The most severe situation is cracks on a red shiny tongue. This means there has been severe injury to tissues, ojas, fluids and the blood plasma (rasa). The stomach is likely damaged and the body extremely depleted. The person will need the help of an advanced practitioner to recover from this level of imbalance, favoring building foods that are easy to digest such as bone broth, chicken soup, almonds, warm milk (if digested well) and ghee.
A tongue that appears shredded is likely the result of epileptic fits which cause a person to inadvertently chew their tongue.

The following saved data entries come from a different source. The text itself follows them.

lemma linearization_error_term_sq_le:
  assumes w: "(norm (w - xs))\<^sup>2 \<le> \<rho>" and z: "(norm (z - xs))\<^sup>2 \<le> \<rho>"
    and L: "(norm (Li - Lstar i))\<^sup>2 \<le> \<sigma>"
  shows "((H * norm (w - xs) + 2 * sqrt (NB n B) * R * norm (Li - Lstar i) + H1 * norm (z - xs))
          * norm (w - xs))\<^sup>2
         \<le> (3 * (H\<^sup>2 + H1\<^sup>2) * \<rho> + 12 * NB n B * R\<^sup>2 * \<sigma>) * \<rho>"
proof -
  let ?a = "H * norm (w - xs)" and ?b = "2 * sqrt (NB n B) * R * norm (Li - Lstar i)"
    and ?c = "H1 * norm (z - xs)"
  have "?a\<^sup>2 \<le> H\<^sup>2 * \<rho>"
    using mult_left_mono[OF w, of "H\<^sup>2"] by (simp add: power_mult_distrib)
  moreover have "?b\<^sup>2 \<le> 4 * (NB n B * R\<^sup>2) * \<sigma>"
    using mult_left_mono[OF L, of "4 * (NB n B * R\<^sup>2)"] NB_ge_1[of n B]
    by (simp add: power_mult_distrib)
  moreover have "?c\<^sup>2 \<le> H1\<^sup>2 * \<rho>"
    using mult_left_mono[OF z, of "H1\<^sup>2"] by (simp add: power_mult_distrib)
  ultimately have "3 * (?a\<^sup>2 + ?b\<^sup>2 + ?c\<^sup>2) \<le> 3 * (H\<^sup>2 * \<rho> + 4 * (NB n B * R\<^sup>2) * \<sigma> + H1\<^sup>2 * \<rho>)"
    by simp
  also have "\<dots> = 3 * (H\<^sup>2 + H1\<^sup>2) * \<rho> + 12 * NB n B * R\<^sup>2 * \<sigma>" by (simp add: algebra_simps)
  finally have sq_le: "(?a + ?b + ?c)\<^sup>2 \<le> 3 * (H\<^sup>2 + H1\<^sup>2) * \<rho> + 12 * NB n B * R\<^sup>2 * \<sigma>"
    using square_sum3_le[of ?a ?b ?c] by linarith
  then show ?thesis
    unfolding power_mult_distrib using w order_trans[OF zero_le_power2 sq_le]
    by (intro mult_mono) auto
qed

Through accurate assessment of the underlying imbalances, you will notice that cracks heal and may even disappear altogether. The GI, and the tongue, are ever changing environments where rapid recovery, and decline as possible. Take a look at the following example from the Joyful Belly clinic:
|Before||After 3 Weeks|
The tongue is a digestive organ. Since we specialize in digestion at Joyful Belly, we specialize in tongue assessment and analysis. Students in our Mastering Ayurvedic Digestion & Nutrition program learn how to determine organ imbalances, constitutional strengths and deficiencies, as well as the quality and nature of fluids via tongue assessment.
The fascinating art of tongue assessment is a window into the interior of the client. The tongue shows the depth and nature of imbalances clueing practitioners into the gunas and doshas that need support. Observing the tongue allows you to measure the progress of a disorder as well as track the client’s recovery.
To start your journey into tongue analysis, begin by looking at your tongue in the mirror every morning.
Disclaimer: Conditions such as ‘Many cracks on tongue’ that cause tissue changes could be serious and should be checked by a medical doctor.